O Habonim Dror é um movimento juvenil existente em diversos países e em oito cidades do
Brasil, cujo objetivo “é difundir os valores do judaísmo e lutar contra a assimilação nas
comunidades da diáspora” (www.kehila.com.br). Em Curitiba, atua desde 1945, tendo educado de
forma não-formal (por meio de jogos, músicas, discussões, etc.) várias gerações. Hoje, conta com
mais de 100 membros que comparecem aos sábados para aprender, ensinar e se divertir.
De acordo com a historiadora Carla Bassanezi Pinsky (2000), o Habonim Dror no Brasil
surgiu da inquietude ideológica de jovens que não aceitavam a situação da „comunidade judaica
aristocrata‟ que existia no Brasil. Uma fusão de muitos movimentos alicerçados nos pensamentos de
diversos ideólogos sionistas como A.D. Gordon, Borochov, Sirkin, Achad Haam. Estes movimentos
originaram-se na Europa no início do século: Freheit, Hechalutz Hatzair, Ichud Habonim. Seguindo
o processo histórico, alguns fatores causaram a fusão destes movimentos através do tempo, sendo
que em 1981 aqui no Brasil surgiu o Habonim Dror, fruto da ligação do Dror com o Ichud
Habonim (Pinsky, 2000).
No Brasil, desde 1945, o primeiro snif (núcleo, sede) do Dror foi fundado em Porto Alegre,
sob a influência do movimento Freheit da Argentina, que por sua vez formou-se de jovens
praticantes do mesmo na Polônia que imigraram para a Argentina.
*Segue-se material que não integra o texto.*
(* Let $(M,g)$ be a gas giant and let $\varepsilon>0$ be sufficiently small. Fix $y\in\partial M$ and $\eta\in T^*_y\partial M$ with $h^{ij}(0,y)\eta_i\eta_j=1$. For $0<s<\varepsilon$ let $\sigma_s=(s,\eta)\in T^*_{(0,y)}M$, i.e. $\xi=s$. Let $\gamma_s(t)=\phi_t(0,y,\sigma_s)$ for $t\in[0,\tau(0,y,\sigma_s)]$, and let $l(\gamma_s)>0$ be its length. Then $\gamma_s(t)\to(0,y,0,\eta)$ in $T^*M$ as $s\to0$, uniformly in $t\in[0,\tau(0,y,\sigma_s)]$, and $l(\gamma_s)\to0$ as $s\to0$.
   Context: Gas giant setting. $M$ is a compact manifold with boundary, $\dim M=n\ge 2$, and $g=\rho^{-1}\bar g$ with $\bar g$ smooth up to the boundary and $\rho$ a boundary defining function. Near $\partial M$ there are coordinates $(x,y)\in[0,\varepsilon_0)\times\partial M$ in which $g=\mathrm{d}x^2+x^{-2}h(x,y,\mathrm{d}y)$, with $h_x$ a family of metrics on $\partial M$ smooth in $x$ up to $x=0$. Dual coordinates on $T^*M$ are $(\xi,\eta)$. Geodesic flow. $\phi_t$ is the Hamiltonian flow on $T^*M$ of $H=\tfrac12\xi^2+\tfrac12x^2h^{ij}\eta_i\eta_j$: - $\dot x=\xi$, - $\dot y^i=x^2h^{ij}\eta_j$, - $\dot\xi=-xh^{ij}\eta_i\eta_j-\tfrac12x^2\partial_xh^{ij}\eta_i\eta_j$, - $\dot\eta_i=-\tfrac12x^2\partial_{y^i}h^{kj}\eta_k\eta_j$. Exit time and length. For an initial point on $\{x=0\}$ with $\xi>0$, $\tau$ denotes the first positive time at which $x$ returns to $0$. The flow from $(0,y,\sigma_s)$ has constant $g$-speed $s$, so its length is $l(\gamma_s)=s\,\tau(0,y,\sigma_s)$. *)

theory Defs
  imports "HOL-Analysis.Analysis"
begin

fun Ck_on :: "nat \<Rightarrow> ('a::euclidean_space \<Rightarrow> real) \<Rightarrow> 'a set \<Rightarrow> bool" where
  "Ck_on 0 f U = continuous_on U f"
| "Ck_on (Suc k) f U =
     ((\<forall>p\<in>U. f differentiable (at p)) \<and>
      (\<forall>b\<in>Basis. Ck_on k (\<lambda>p. frechet_derivative f (at p) b) U))"

definition smooth_on :: "('a::euclidean_space \<Rightarrow> real) \<Rightarrow> 'a set \<Rightarrow> bool" where
  "smooth_on f U \<longleftrightarrow> (\<forall>k. Ck_on k f U)"

text \<open>Collar coordinates near the boundary: x :: real, y :: real^'m (a chart of the boundary,
  dim 'm = n - 1). hinv x y is the matrix (h^{ij}(x,y)).\<close>

definition hquad :: "(real \<Rightarrow> real^'m \<Rightarrow> real^'m^'m) \<Rightarrow> real \<Rightarrow> real^'m \<Rightarrow> real^'m \<Rightarrow> real" where
  "hquad hinv x y \<eta> = (\<Sum>i\<in>UNIV. \<Sum>j\<in>UNIV. hinv x y $ i $ j * \<eta> $ i * \<eta> $ j)"

definition dx_hinv :: "(real \<Rightarrow> real^'m \<Rightarrow> real^'m^'m) \<Rightarrow> real \<Rightarrow> real^'m \<Rightarrow> 'm \<Rightarrow> 'm \<Rightarrow> real" where
  "dx_hinv hinv x y i j =
     frechet_derivative (\<lambda>(a, b). hinv a b $ i $ j) (at (x, y)) (1, 0)"

definition dy_hinv :: "(real \<Rightarrow> real^'m \<Rightarrow> real^'m^'m) \<Rightarrow> real \<Rightarrow> real^'m \<Rightarrow> 'm \<Rightarrow> 'm \<Rightarrow> 'm \<Rightarrow> real" where
  "dy_hinv hinv x y k i j =
     frechet_derivative (\<lambda>(a, b). hinv a b $ i $ j) (at (x, y)) (0, axis k 1)"

text \<open>Hamiltonian vector field of H = xi^2/2 + x^2 h^{ij} eta_i eta_j / 2 in coordinates
  (x, y, xi, eta).\<close>
definition ham_field ::
  "(real \<Rightarrow> real^'m \<Rightarrow> real^'m^'m) \<Rightarrow> real \<times> (real^'m) \<times> real \<times> (real^'m)
     \<Rightarrow> real \<times> (real^'m) \<times> real \<times> (real^'m)" where
  "ham_field hinv p = (let x = fst p; y = fst (snd p); \<xi> = fst (snd (snd p));
       \<eta> = snd (snd (snd p)) in
     (\<xi>,
      ((\<chi> i. x^2 * (\<Sum>j\<in>UNIV. hinv x y $ i $ j * \<eta> $ j)) :: real^'m),
      (- x * hquad hinv x y \<eta>
        - x^2 / 2 * (\<Sum>i\<in>UNIV. \<Sum>j\<in>UNIV. dx_hinv hinv x y i j * \<eta> $ i * \<eta> $ j)),
      ((\<chi> i. - (x^2 / 2 * (\<Sum>k\<in>UNIV. \<Sum>j\<in>UNIV. dy_hinv hinv x y i k j * \<eta> $ k * \<eta> $ j))) :: real^'m)))"

text \<open>gamma on [0,T] is the flow from (0, y0, s, eta0) up to the first positive return
  time T = tau(0,y0,sigma_s) of x to 0, staying in the coordinate domain U.\<close>
definition exit_trajectory ::
  "(real \<Rightarrow> real^'m \<Rightarrow> real^'m^'m) \<Rightarrow> (real \<times> (real^'m)) set \<Rightarrow> real^'m \<Rightarrow> real \<Rightarrow> real^'m
     \<Rightarrow> (real \<Rightarrow> real \<times> (real^'m) \<times> real \<times> (real^'m)) \<Rightarrow> real \<Rightarrow> bool" where
  "exit_trajectory hinv U y0 s \<eta>0 \<gamma> T \<longleftrightarrow>
     T > 0 \<and> \<gamma> 0 = (0, y0, s, \<eta>0) \<and>
     (\<forall>t\<in>{0..T}. (fst (\<gamma> t), fst (snd (\<gamma> t))) \<in> U \<and>
        (\<gamma> has_vector_derivative ham_field hinv (\<gamma> t)) (at t within {0..T})) \<and>
     (\<forall>t\<in>{0<..<T}. fst (\<gamma> t) > 0) \<and> fst (\<gamma> T) = 0"

end

(* In the coordinates (x, y, xi, eta) Hamilton's equations read
     x' = xi,  xi' = - x Q,  y' = x^2 A,  eta' = x^2 B,
   where Q = h^{ij} eta_i eta_j + O(x) equals 1 at the glancing point (0, y0, 0, eta0).
   On a small ball around that point, 1/4 <= Q <= C and A, B are bounded.  There the
   energy x^2 + xi^2 grows at most exponentially, so up to time 2 pi it stays O(s^2):
   x and xi are O(s), and y, eta move only by O(s^2).  Since xi' = - x Q <= - x/4 while
   x >= 0, Sturm comparison with x'' = - x/4 makes x return to 0 before time 2 pi, while
   xi >= s/2 on an initial interval makes x positive right after the start.  A continuity
   argument keeps every exit trajectory inside the ball, so it has length s T <= 2 pi s and
   stays within O(s) of the glancing point; existence follows from Picard iteration for a
   globally Lipschitz extension of the Hamiltonian field. *)

theory Submission
  imports Defs
begin

section \<open>Lipschitz functions on bounded sets\<close>

definition lipschitzian_on :: "'a::metric_space set \<Rightarrow> ('a \<Rightarrow> 'b::metric_space) \<Rightarrow> bool" where
  "lipschitzian_on S f \<longleftrightarrow> (\<exists>L. L-lipschitz_on S f)"

lemma lipschitzian_onI: "L-lipschitz_on S f \<Longrightarrow> lipschitzian_on S f"
  unfolding lipschitzian_on_def by blast

lemma lipschitzian_onE:
  assumes "lipschitzian_on S f"
  obtains L where "L-lipschitz_on S f"
  using assms unfolding lipschitzian_on_def by blast

lemma lipschitzian_on_bounded_image:
  assumes "lipschitzian_on S f" "bounded S"
  shows "bounded (f ` S)"
proof (cases "S = {}")
  case False
  then obtain x0 where x0: "x0 \<in> S" by blast
  obtain L where L: "L-lipschitz_on S f" using assms(1) by (rule lipschitzian_onE)
  obtain B where B: "\<forall>x\<in>S. dist x0 x \<le> B" using assms(2) bounded_any_center by blast
  have "dist (f x0) (f x) \<le> L * B" if "x \<in> S" for x
    using lipschitz_onD[OF L x0 that] mult_left_mono[OF bspec[OF B that] lipschitz_on_nonneg[OF L]]
    by linarith
  then show ?thesis unfolding bounded_def by blast
qed simp

lemma lipschitzian_on_norm_bound:
  assumes "lipschitzian_on S f" "bounded S"
  obtains B where "0 \<le> B" "\<And>x. x \<in> S \<Longrightarrow> norm (f x) \<le> B"
  using lipschitzian_on_bounded_image[OF assms] unfolding bounded_pos by (auto intro: less_imp_le)

lemma bounded_linear_lipschitzian_on: "bounded_linear f \<Longrightarrow> lipschitzian_on S f"
  using bounded_linear.lipschitz_boundE lipschitzian_onI by metis

lemma lipschitzian_on_const: "lipschitzian_on S (\<lambda>x. c)"
  using lipschitz_on_constant by (rule lipschitzian_onI)

lemma lipschitzian_on_add:
  fixes f g :: "'a::metric_space \<Rightarrow> 'b::real_normed_vector"
  shows "lipschitzian_on S f \<Longrightarrow> lipschitzian_on S g \<Longrightarrow> lipschitzian_on S (\<lambda>x. f x + g x)"
  unfolding lipschitzian_on_def using lipschitz_on_add by blast

lemma lipschitzian_on_minus:
  fixes f :: "'a::metric_space \<Rightarrow> 'b::real_normed_vector"
  shows "lipschitzian_on S f \<Longrightarrow> lipschitzian_on S (\<lambda>x. - f x)"
  unfolding lipschitzian_on_def using lipschitz_on_minus by blast

lemma lipschitzian_on_mult:
  fixes f g :: "'a::metric_space \<Rightarrow> 'b::real_normed_algebra"
  assumes f: "lipschitzian_on S f" and g: "lipschitzian_on S g" and S: "bounded S"
  shows "lipschitzian_on S (\<lambda>x. f x * g x)"
proof -
  obtain Lf where Lf: "Lf-lipschitz_on S f" using f by (rule lipschitzian_onE)
  obtain Lg where Lg: "Lg-lipschitz_on S g" using g by (rule lipschitzian_onE)
  obtain Bf where Bf: "0 \<le> Bf" "\<And>x. x \<in> S \<Longrightarrow> norm (f x) \<le> Bf"
    using lipschitzian_on_norm_bound[OF f S] by blast
  obtain Bg where Bg: "0 \<le> Bg" "\<And>x. x \<in> S \<Longrightarrow> norm (g x) \<le> Bg"
    using lipschitzian_on_norm_bound[OF g S] by blast
  have "dist (f x * g x) (f y * g y) \<le> (Bf * Lg + Lf * Bg) * dist x y" if "x \<in> S" "y \<in> S" for x y
  proof -
    have "f x * g x - f y * g y = f x * (g x - g y) + (f x - f y) * g y"
      by (simp add: algebra_simps)
    then have "dist (f x * g x) (f y * g y) \<le> norm (f x) * norm (g x - g y) + norm (f x - f y) * norm (g y)"
      unfolding dist_norm by (metis norm_mult_ineq norm_triangle_le add_mono)
    also have "\<dots> \<le> Bf * (Lg * dist x y) + (Lf * dist x y) * Bg"
      using that Bf Bg lipschitz_onD[OF Lf that] lipschitz_onD[OF Lg that] lipschitz_on_nonneg[OF Lf]
      by (intro add_mono mult_mono) (simp_all add: dist_norm)
    finally show ?thesis by (simp add: algebra_simps)
  qed
  moreover have "0 \<le> Bf * Lg + Lf * Bg"
    using Bf Bg lipschitz_on_nonneg[OF Lf] lipschitz_on_nonneg[OF Lg] by simp
  ultimately show ?thesis
    by (intro lipschitzian_onI lipschitz_onI)
qed

lemma lipschitzian_on_power:
  fixes f :: "'a::metric_space \<Rightarrow> 'b::real_normed_algebra_1"
  assumes "lipschitzian_on S f" "bounded S"
  shows "lipschitzian_on S (\<lambda>x. f x ^ n)"
  by (induction n) (simp_all add: lipschitzian_on_const lipschitzian_on_mult assms)

lemma lipschitzian_on_sum:
  fixes f :: "'i \<Rightarrow> 'a::metric_space \<Rightarrow> 'b::real_normed_vector"
  assumes "\<And>i. i \<in> I \<Longrightarrow> lipschitzian_on S (f i)"
  shows "lipschitzian_on S (\<lambda>x. \<Sum>i\<in>I. f i x)"
proof (cases "finite I")
  case True
  then show ?thesis
    using assms by (induction I rule: finite_induct) (auto intro: lipschitzian_on_const lipschitzian_on_add)
qed (simp add: lipschitzian_on_const)
lemma collapse_pt_edge_seg:
  assumes "pos c = (a, b)" and "p \<in> edge_seg hor stretched_line stretched_pos B e"
  shows "collapse_pt p \<in> edge_seg hor L pos B (merge_twin e)"
proof -
  obtain u v where p: "p = (u, v)" by (cases p)
  have x: "collapse (of_int a) (fst (cpt stretched_pos e)) = fst (cpt pos (merge_twin e))"
    and y: "collapse (of_int b) (snd (cpt stretched_pos e)) = snd (cpt pos (merge_twin e))"
    using collapse_pt_cpt[OF assms(1), of e] by (simp_all add: collapse_pt_def prod_eq_iff)
  show ?thesis
  proof (cases "hor B")
    case True
    then show ?thesis
      using assms(2) vseg_mono_image[OF mono_collapse[of "of_int a"] mono_collapse[of "of_int b"],
          of u v "fst (cpt stretched_pos e)" "of_int (stretched_line B)" "snd (cpt stretched_pos e)"]
      by (simp add: p collapse_pt_def edge_seg_def stretched_line_def x y)
  next
    case False
    then show ?thesis
      using assms(2) hseg_mono_image[OF mono_collapse[of "of_int a"] mono_collapse[of "of_int b"],
          of u v "snd (cpt stretched_pos e)" "of_int (stretched_line B)" "fst (cpt stretched_pos e)"]
      by (simp add: p collapse_pt_def edge_seg_def stretched_line_def x y)
  qed
qed

lemma stretched_foot_in_bus:
  assumes "pos c = (a, b)" and "lo B \<le> hi B"
    and "edge_foot hor L pos B (merge_twin e) \<in> bus_seg hor L lo hi B"
  shows "edge_foot hor stretched_line stretched_pos B e
           \<in> bus_seg hor stretched_line stretched_lo stretched_hi B"
proof (cases "e = d")
  case True
  then show ?thesis
    using assms succ_between[of "lo B" "of_int a" "hi B"] succ_between[of "lo B" "of_int b" "hi B"]
      shift_above_le_shift_from[of "lo B" "hi B"]
    by (auto simp: edge_foot_def bus_seg_def hseg_def vseg_def cpt_def stretched_pos_def
        merge_twin_def stretched_line_def stretched_lo_def stretched_hi_def)
next
  case False
  then show ?thesis
    using assms shift_above_between[of "lo B" _ "hi B" "of_int a"]
      shift_above_between[of "lo B" _ "hi B" "of_int b"] shift_above_le_shift_from[of "lo B" "hi B"]
    by (auto simp: edge_foot_def bus_seg_def hseg_def vseg_def cpt_def stretched_pos_def
        merge_twin_def stretched_line_def stretched_lo_def stretched_hi_def)
qed

lemma twin_off_twin_edges:
  assumes "pos c = (a, b)" "c \<noteq> d" "{e, e'} = {c, d}"
  shows "cpt stretched_pos e' \<notin> edge_seg hor stretched_line stretched_pos B e"
  using assms stretched_pos_twins[OF assms(1,2)]
  by (auto simp: doubleton_eq_iff edge_seg_def cpt_def hseg_def vseg_def)

context
  fixes Bs :: "'b set" and S :: "'c set" and E :: "('b \<times> 'c) set"
  assumes realization: "is_realization Bs S (E \<inter> (Bs \<times> S)) hor L lo hi pos"
    and twin_in: "c \<in> S" and twin_notin: "d \<notin> S"
    and same_nbhd: "\<And>B. (B, d) \<in> E \<longleftrightarrow> (B, c) \<in> E" and pos_twin: "pos c = (a, b)"
begin

lemma twins_distinct: "c \<noteq> d"
  using twin_in twin_notin by blast

lemma merge_twin_in: "e \<in> insert d S \<Longrightarrow> merge_twin e \<in> S"
  using twin_in by (auto simp: merge_twin_def)

lemma stretched_edge_merged:
  "(B, e) \<in> E \<inter> (Bs \<times> insert d S) \<Longrightarrow> (B, merge_twin e) \<in> E \<inter> (Bs \<times> S)"
  using same_nbhd merge_twin_in by (auto simp: merge_twin_def)

lemma stretched_pos_inj:
  assumes "e \<in> insert d S" "e' \<in> insert d S" "e \<noteq> e'"
  shows "stretched_pos e \<noteq> stretched_pos e'"
proof
  assume eq: "stretched_pos e = stretched_pos e'"
  then have "cpt pos (merge_twin e) = cpt pos (merge_twin e')"
    using collapse_pt_cpt[OF pos_twin] by (metis cpt_def)
  then have "pos (merge_twin e) = pos (merge_twin e')"
    by (simp add: cpt_def prod_eq_iff)
  then have "{e, e'} = {c, d}"
    using realization merge_twin_in assms merge_twin_eq unfolding is_realization_def by metis
  then show False
    using eq stretched_pos_twins[OF pos_twin twins_distinct] by (auto simp: doubleton_eq_iff)
qed

lemma stretched_edge_off_bus:
  assumes "(B, e) \<in> E \<inter> (Bs \<times> insert d S)" "B' \<in> Bs" "B' \<noteq> B"
  shows "edge_seg hor stretched_line stretched_pos B e
           \<inter> bus_seg hor stretched_line stretched_lo stretched_hi B' = {}"
proof -
  have "edge_seg hor L pos B (merge_twin e) \<inter> bus_seg hor L lo hi B' = {}"
    using realization stretched_edge_merged[OF assms(1)] assms(2,3)
    unfolding is_realization_def by blast
  then show ?thesis
    using collapse_pt_bus_seg collapse_pt_edge_seg[OF pos_twin] by blast
qed

lemma stretched_connector_off_edge:
  assumes "(B, e) \<in> E \<inter> (Bs \<times> insert d S)" "e' \<in> insert d S" "e' \<noteq> e"
  shows "cpt stretched_pos e' \<notin> edge_seg hor stretched_line stretched_pos B e"
proof
  assume on_edge: "cpt stretched_pos e' \<in> edge_seg hor stretched_line stretched_pos B e"
  then have "cpt pos (merge_twin e') \<in> edge_seg hor L pos B (merge_twin e)"
    using collapse_pt_edge_seg[OF pos_twin] collapse_pt_cpt[OF pos_twin] by metis
  then have "merge_twin e' = merge_twin e"
    using realization stretched_edge_merged[OF assms(1)] merge_twin_in[OF assms(2)]
    unfolding is_realization_def by blast
  then have "{e, e'} = {c, d}"
    using merge_twin_eq assms(3) by metis
  with twin_off_twin_edges[OF pos_twin twins_distinct] on_edge show False
    by blast
qed

lemma stretched_realization:
  "is_realization Bs (insert d S) (E \<inter> (Bs \<times> insert d S))
     hor stretched_line stretched_lo stretched_hi stretched_pos"
proof -
  note R = realization[unfolded is_realization_def]
  show ?thesis
    unfolding is_realization_def
  proof (intro conjI ballI allI impI)
    fix B assume "B \<in> Bs"
    then show "stretched_lo B \<le> stretched_hi B"
      using R by (simp add: stretched_lo_def stretched_hi_def shift_above_le_shift_from)
  next
    fix B e assume "(B, e) \<in> E \<inter> Bs \<times> insert d S"
    then have "(B, merge_twin e) \<in> E \<inter> Bs \<times> S" by (rule stretched_edge_merged)
    then show "edge_foot hor stretched_line stretched_pos B e
                 \<in> bus_seg hor stretched_line stretched_lo stretched_hi B"
      using R stretched_foot_in_bus[OF pos_twin] by simp
  next
    fix B e B' assume "(B, e) \<in> E \<inter> Bs \<times> insert d S" "B' \<in> Bs" "B' \<noteq> B"
    then show "edge_seg hor stretched_line stretched_pos B e
                 \<inter> bus_seg hor stretched_line stretched_lo stretched_hi B' = {}"
      by (rule stretched_edge_off_bus)
  next
    fix B e e' assume "(B, e) \<in> E \<inter> Bs \<times> insert d S" "e' \<in> insert d S" "e' \<noteq> e"
    then show "cpt stretched_pos e' \<notin> edge_seg hor stretched_line stretched_pos B e"
      by (rule stretched_connector_off_edge)
  next
    fix B B' assume "B \<in> Bs" "B' \<in> Bs" "B \<noteq> B'"
    then show "bus_seg hor stretched_line stretched_lo stretched_hi B
                 \<inter> bus_seg hor stretched_line stretched_lo stretched_hi B' = {}"
      using R collapse_pt_bus_seg by blast
  next
    fix e e' assume "e \<in> insert d S" "e' \<in> insert d S" "e \<noteq> e'"
    then show "stretched_pos e \<noteq> stretched_pos e'" by (rule stretched_pos_inj)
  next
    fix B e assume "B \<in> Bs" "e \<in> insert d S"
    then have "cpt pos (merge_twin e) \<notin> bus_seg hor L lo hi B"
      using R merge_twin_in by blast
    then show "cpt stretched_pos e \<notin> bus_seg hor stretched_line stretched_lo stretched_hi B"
      using collapse_pt_bus_seg collapse_pt_cpt[OF pos_twin] by metis
  qed
qed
Rapidamente, espalharam-se
outros três snifim até 1948: Curitiba, São Paulo e Rio de Janeiro e alguns anos mais tarde outros três
snifim em Recife, Salvador e Belo Horizonte (Pinsky, 2000).
Eles desempenharam nesta época um papel fundamental na educação e preparação de jovens
judeus que se realizaram através de uma aliá8 kibutziana, contribuindo assim, para a construção,
fortalecimento, criação e desenvolvimento do Estado de Israel. O Habonim Dror está filiado ao
8
Dever religioso do retorno de todos os judeus para Israel; movimento migratório.
14
movimento trabalhista de Israel, compartilhando de seus princípios e fins como, por exemplo, o
apoio ao processo de paz, o pluralismo religioso, etc. Hoje em dia presente em todos os continentes
nos seguintes países Israel, Brasil, África do Sul, Alemanha, Argentina, Austrália, Bélgica, Canadá,
Croácia, EUA, França, Holanda, Hungria, Nova Zelândia, México, Romênia, Suécia, Turquia,
Ucrânia, Uruguai, Zimbábue (Pinsky, 2000).
Mantêm em sua base ideológica, os valores e a importância de uma aliá kibutziana,
aparecendo esta como uma realização pessoal para seus chaverim que optarem por este caminho.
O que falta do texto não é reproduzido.